Yönetmelikte "sınav yapılmaz” derken, sınav yapın diye emir veren; Yönetmelikte "sınav yapılır" derken "Sınav notlarını iptal eden" bakanlığı anlamak mümkün değildir. Hatırlatmak isteriz ki, resmi yazılar yönetmelik hükmünü değiştiremez!’

Yapılan bu çelişkili açıklamalar ve hatalı kararların doğuracağı sorunları öğretmenlerin üzerine yıkmak ve onlara böyle vicdani bir sorumluk yükleyerek, çözümsüzlüğün içine itmek ne kadar adildir?

Öğretmenlerimiz, imkânı olmadığı için derse katılamayan, derse katıldığı halde derste aktif olmayan ya da derse kısmen katılabilen öğrencilerini nasıl değerlendireceklerdir?

İnternet ve tableti/bilgisayarı/televizyonu/akıllı telefonu olmadığı için uzaktan eğitim derslerini takip edemeyen milyonlarca öğrenciye nasıl not verilecektir?

Bu öğrencilere derslere katılamadıkları için zayıf/düşük not mu verilecektir?

Tutarsız uygulamalar uzaktan eğitimde yaşanan sorunları daha da beslemekte, öğrenci- veli-öğretmenleri kaosa sürüklemektedir.

“İYİ PARTİ OLARAK ÖNERİLERİMİZ VAR”

Öncelikle acilen uzaktan eğitim sürecindeki eşitsizlikler ortadan kaldırılmalıdır. Uzaktan eğitim sürecinde öğrenciler arasında eğitime erişim eşitliği sağlanmadan not verilmesi adil değildir. Bu yüzden temel eğitim ve ortaöğretimde 2020-2021 öğretim yılı birinci döneminde öğrencilere hiç not verilmemeli, ikinci dönemde yüz yüze yapılacak sınav ve değerlendirme sonuçlarına göre (birinci dönemde yapılan sınav sonuçları birlikte değerlendirilerek) sınıf geçme notu verilmelidir.
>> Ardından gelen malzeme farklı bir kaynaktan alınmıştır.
(* Let $G$ be a connected graph of order $n$ with maximum degree $\Delta(G)\leq n-2$, and let $w\in V(G)$ with $d(w)=\Delta(G)$. If the graph $G-N[w]$ (obtained by deleting $w$ and all its neighbours) has a Hamiltonian cycle, then $prc(G)\leq \frac{n+\Delta(G)}{2}+1$.
   Context: A path in an edge-coloured graph is a rainbow path if its edges receive pairwise distinct colours. An edge-colouring is proper if adjacent edges receive distinct colours. The proper rainbow connection number $prc(G)$ of a nontrivial connected graph $G$ is the minimum number of colours in a proper edge-colouring of $G$ such that every two distinct vertices are joined by a rainbow path. $N[w]$ denotes the closed neighbourhood of $w$. *)

theory Defs
  imports Complex_Main
begin

definition simple_graph :: "'a set \<Rightarrow> 'a set set \<Rightarrow> bool" where
  "simple_graph V E \<longleftrightarrow> finite V \<and> (\<forall>e\<in>E. e \<subseteq> V \<and> card e = 2)"

definition neighbours :: "'a set \<Rightarrow> 'a set set \<Rightarrow> 'a \<Rightarrow> 'a set" where
  "neighbours V E v = {u \<in> V. {u, v} \<in> E}"

definition degree :: "'a set \<Rightarrow> 'a set set \<Rightarrow> 'a \<Rightarrow> nat" where
  "degree V E v = card (neighbours V E v)"

definition max_degree :: "'a set \<Rightarrow> 'a set set \<Rightarrow> nat" where
  "max_degree V E = Max (degree V E ` V)"

definition closed_nbhd :: "'a set \<Rightarrow> 'a set set \<Rightarrow> 'a \<Rightarrow> 'a set" where
  "closed_nbhd V E w = insert w (neighbours V E w)"

definition del_vertices_E :: "'a set \<Rightarrow> 'a set set \<Rightarrow> 'a set \<Rightarrow> 'a set set" where
  "del_vertices_E V E S = {e \<in> E. e \<subseteq> V - S}"

fun walk_edges :: "'a list \<Rightarrow> 'a set list" where
  "walk_edges (x # y # xs) = {x, y} # walk_edges (y # xs)"
| "walk_edges _ = []"

definition is_path :: "'a set \<Rightarrow> 'a set set \<Rightarrow> 'a list \<Rightarrow> 'a \<Rightarrow> 'a \<Rightarrow> bool" where
  "is_path V E p u v \<longleftrightarrow> p \<noteq> [] \<and> hd p = u \<and> last p = v \<and> distinct p \<and>
     set p \<subseteq> V \<and> set (walk_edges p) \<subseteq> E"

definition connected_graph :: "'a set \<Rightarrow> 'a set set \<Rightarrow> bool" where
  "connected_graph V E \<longleftrightarrow> (\<forall>u\<in>V. \<forall>v\<in>V. \<exists>p. is_path V E p u v)"

definition hamiltonian :: "'a set \<Rightarrow> 'a set set \<Rightarrow> bool" where
  "hamiltonian V E \<longleftrightarrow> (\<exists>p. distinct p \<and> set p = V \<and> length p \<ge> 3 \<and>
     set (walk_edges p) \<subseteq> E \<and> {last p, hd p} \<in> E)"

definition proper_colouring :: "'a set set \<Rightarrow> ('a set \<Rightarrow> nat) \<Rightarrow> bool" where
  "proper_colouring E c \<longleftrightarrow> (\<forall>e\<in>E. \<forall>f\<in>E. e \<noteq> f \<and> e \<inter> f \<noteq> {} \<longrightarrow> c e \<noteq> c f)"

definition rainbow_path :: "'a set \<Rightarrow> 'a set set \<Rightarrow> ('a set \<Rightarrow> nat) \<Rightarrow> 'a list \<Rightarrow> 'a \<Rightarrow> 'a \<Rightarrow> bool" where
  "rainbow_path V E c p u v \<longleftrightarrow> is_path V E p u v \<and> distinct (map c (walk_edges p))"

definition rainbow_connected :: "'a set \<Rightarrow> 'a set set \<Rightarrow> ('a set \<Rightarrow> nat) \<Rightarrow> bool" where
  "rainbow_connected V E c \<longleftrightarrow>
     (\<forall>u\<in>V. \<forall>v\<in>V. u \<noteq> v \<longrightarrow> (\<exists>p. rainbow_path V E c p u v))"

definition prc :: "'a set \<Rightarrow> 'a set set \<Rightarrow> nat" where
  "prc V E = (LEAST k. \<exists>c. c ` E \<subseteq> {..<k} \<and> proper_colouring E c \<and> rainbow_connected V E c)"

end

theory Submission
  imports Defs
begin

text \<open>
  Let \<open>D = \<Delta>(G)\<close>, \<open>N = N(w)\<close> and let \<open>C\<close> be the Hamiltonian cycle of \<open>G - N[w]\<close>, of length
  \<open>m = n - D - 1\<close>; put \<open>q = \<lceil>m/2\<rceil>\<close>. The \<open>t\<close>-th edge of \<open>C\<close> gets colour \<open>D + 1 + (t mod q)\<close>, so
  any two vertices of \<open>C\<close> are joined by an arc of at most \<open>\<lfloor>m/2\<rfloor>\<close> edges with distinct colours.
  All other edges get colours \<open>0, \<dots>, D\<close> by a strengthening of Vizing's theorem in which the
  colour class \<open>D\<close> avoids \<open>w\<close> and contains an edge \<open>u v\<^sub>0\<close> from \<open>N\<close> to \<open>C\<close>. A vertex of \<open>N[w]\<close>
  then reaches \<open>C\<close> along \<open>x w u v\<^sub>0\<close> followed by an arc, and two vertices of \<open>N[w]\<close> are joined
  through \<open>w\<close>. Altogether \<open>D + 1 + q \<le> (n + D)/2 + 1\<close> colours are used.
\<close>

section \<open>Edge colourings and Kempe chains\<close>

definition edge_degree :: "'a set set \<Rightarrow> 'a \<Rightarrow> nat" where
  "edge_degree F x = card {e\<in>F. x \<in> e}"

definition missing :: "'a set set \<Rightarrow> ('a set \<Rightarrow> nat) \<Rightarrow> 'a \<Rightarrow> nat \<Rightarrow> bool" where
  "missing F c x i \<longleftrightarrow> (\<forall>e\<in>F. x \<in> e \<longrightarrow> c e \<noteq> i)"

definition edge_colourable :: "'a set set \<Rightarrow> nat set \<Rightarrow> bool" where
  "edge_colourable F P \<longleftrightarrow> (\<exists>c. c ` F \<subseteq> P \<and> proper_colouring F c)"

lemma proper_colouringD:
  "proper_colouring F c \<Longrightarrow> e \<in> F \<Longrightarrow> f \<in> F \<Longrightarrow> e \<noteq> f \<Longrightarrow> e \<inter> f \<noteq> {} \<Longrightarrow> c e \<noteq> c f"
  unfolding proper_colouring_def by simp

lemma proper_colouring_subset: "proper_colouring F c \<Longrightarrow> G \<subseteq> F \<Longrightarrow> proper_colouring G c"
  unfolding proper_colouring_def by (meson subsetD)

lemma doubleton_card_2_neq: "card {a, b} = 2 \<Longrightarrow> a \<noteq> b"
  by (cases "a = b") simp_all

lemma edge_eq_doubleton:
  assumes "card e = 2" "v \<in> e" "u \<in> e" "u \<noteq> v"
  shows "e = {v, u}"
proof -
  obtain a b where "e = {a, b}" "a \<noteq> b"
    using assms(1) by (meson card_2_iff)
  then show ?thesis
    using assms(2-4) by auto
qed

lemma finite_Union_edges: "finite F \<Longrightarrow> \<forall>e\<in>F. card e = 2 \<Longrightarrow> finite (\<Union>F)"
  by (metis card.infinite finite_Union zero_neq_numeral)

lemma edge_degree_mono: "finite E \<Longrightarrow> F \<subseteq> E \<Longrightarrow> edge_degree F x \<le> edge_degree E x"
  unfolding edge_degree_def by (rule card_mono) auto

lemma edge_degree_eq_card_neighbours:
  assumes "\<forall>e\<in>E. card e = 2"
  shows "edge_degree E v = card {u. {v, u} \<in> E}"
proof -
  have "bij_betw (\<lambda>u. {v, u}) {u. {v, u} \<in> E} {e\<in>E. v \<in> e}"
    unfolding bij_betw_def
  proof
    show "inj_on (\<lambda>u. {v, u}) {u. {v, u} \<in> E}"
      by (auto simp: inj_on_def doubleton_eq_iff)
    show "(\<lambda>u. {v, u}) ` {u. {v, u} \<in> E} = {e\<in>E. v \<in> e}"
    proof
      show "(\<lambda>u. {v, u}) ` {u. {v, u} \<in> E} \<subseteq> {e\<in>E. v \<in> e}"
        by auto
      show "{e\<in>E. v \<in> e} \<subseteq> (\<lambda>u. {v, u}) ` {u. {v, u} \<in> E}"
      proof
        fix e assume "e \<in> {e\<in>E. v \<in> e}"
        then have e: "e \<in> E" "v \<in> e" by auto
        obtain a b where "e = {a, b}" "a \<noteq> b"
          using assms e(1) by (meson card_2_iff)
        then have "e = {v, if a = v then b else a}"
          using e by auto
        then show "e \<in> (\<lambda>u. {v, u}) ` {u. {v, u} \<in> E}"
          using e by auto
      qed
    qed
  qed
  then show ?thesis
    unfolding edge_degree_def by (simp add: bij_betw_same_card)
qed

lemma edge_degree_delete_vertex:
  assumes "finite E" "\<forall>e\<in>E. card e = 2" "{v, u} \<in> E"
  shows "edge_degree E u = Suc (edge_degree {e\<in>E. v \<notin> e} u)"
proof -
  have "u \<noteq> v"
    using assms(2,3) doubleton_card_2_neq by fastforce
  then have "{e\<in>E. u \<in> e} = insert {v, u} {e\<in>{e\<in>E. v \<notin> e}. u \<in> e}"
    using assms(2,3) edge_eq_doubleton[of _ v u] by auto
  then show ?thesis
    unfolding edge_degree_def using assms(1) by simp
qed

lemma card_missing_colours:
  assumes "finite P" "c ` F \<subseteq> P" "proper_colouring F c"
  shows "card {i\<in>P. missing F c u i} = card P - edge_degree F u" and "edge_degree F u \<le> card P"
proof -
  have inj: "inj_on c {e\<in>F. u \<in> e}"
    unfolding inj_on_def using proper_colouringD[OF assms(3)] by blast
  have im: "c ` {e\<in>F. u \<in> e} \<subseteq> P" using assms(2) by auto
  have "{i\<in>P. missing F c u i} = P - c ` {e\<in>F. u \<in> e}"
    unfolding missing_def by auto
  moreover have "card (c ` {e\<in>F. u \<in> e}) = edge_degree F u"
    unfolding edge_degree_def using card_image[OF inj] .
  ultimately show "card {i\<in>P. missing F c u i} = card P - edge_degree F u"
    and "edge_degree F u \<le> card P"
    using card_Diff_subset[OF finite_subset[OF im assms(1)] im] card_mono[OF assms(1) im] by simp_all
qed

definition kempe_closed :: "'a set set \<Rightarrow> ('a set \<Rightarrow> nat) \<Rightarrow> nat \<Rightarrow> nat \<Rightarrow> 'a set \<Rightarrow> bool" where
  "kempe_closed F c i j K \<longleftrightarrow> (\<forall>e\<in>F. c e \<in> {i, j} \<longrightarrow> e \<inter> K \<noteq> {} \<longrightarrow> e \<subseteq> K)"

definition kempe_swap :: "('a set \<Rightarrow> nat) \<Rightarrow> nat \<Rightarrow> nat \<Rightarrow> 'a set \<Rightarrow> 'a set \<Rightarrow> nat" where
  "kempe_swap c i j K e = (if c e \<in> {i, j} \<and> e \<subseteq> K then (if c e = i then j else i) else c e)"

lemma kempe_closedD:
  "kempe_closed F c i j K \<Longrightarrow> e \<in> F \<Longrightarrow> c e \<in> {i, j} \<Longrightarrow> x \<in> e \<Longrightarrow> x \<in> K \<Longrightarrow> e \<subseteq> K"
  unfolding kempe_closed_def by blast

lemma proper_colouring_kempe_swap:
  assumes "proper_colouring F c" "kempe_closed F c i j K" "i \<noteq> j"
  shows "proper_colouring F (kempe_swap c i j K)"
  unfolding proper_colouring_def
proof (intro ballI impI)
  fix e f assume e: "e \<in> F" and f: "f \<in> F" and ef: "e \<noteq> f \<and> e \<inter> f \<noteq> {}"
  have "c e \<noteq> c f"
    using proper_colouringD[OF assms(1) e f] ef by blast
  moreover have "c f \<notin> {i, j}" if "e \<subseteq> K" "\<not> f \<subseteq> K"
  proof
    assume "c f \<in> {i, j}"
    obtain x where "x \<in> e" "x \<in> f"
      using ef by blast
    then show False
      using kempe_closedD[OF assms(2) f \<open>c f \<in> {i, j}\<close>] that by blast
  qed
  moreover have "c e \<notin> {i, j}" if "f \<subseteq> K" "\<not> e \<subseteq> K"
  proof
    assume "c e \<in> {i, j}"
    obtain x where "x \<in> e" "x \<in> f"
      using ef by blast
    then show False
      using kempe_closedD[OF assms(2) e \<open>c e \<in> {i, j}\<close>] that by blast
  qed
  ultimately show "kempe_swap c i j K e \<noteq> kempe_swap c i j K f"
    using assms(3) unfolding kempe_swap_def
    by (cases "e \<subseteq> K"; cases "f \<subseteq> K") auto
qed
Uzaktan eğitime erişemeyen ve sınavlara giremeyen öğrenciler, yüz yüze eğitim başladığında önce telafi eğitimine alınmalı, bu öğrencilerimizin dönem notları telafi eğitimi sonunda yapılacak sınavlarla belirlenmelidir. Ayrıca tüm öğrencilerin öğrenme kayıplarını telafi etmek için ilkokul, ortaokul ve liselerde eğitimi destekleme ve yetiştirme kursları açılmalıdır.

Bakanlık, özellikle merkezi sınavlara girecek ortaokul son sınıf ve lise son sınıf öğrencilerinin ortalamalarını etkileyecek ve mağduriyetlerine yol açacak düzenlemelerden kaçınmalıdır.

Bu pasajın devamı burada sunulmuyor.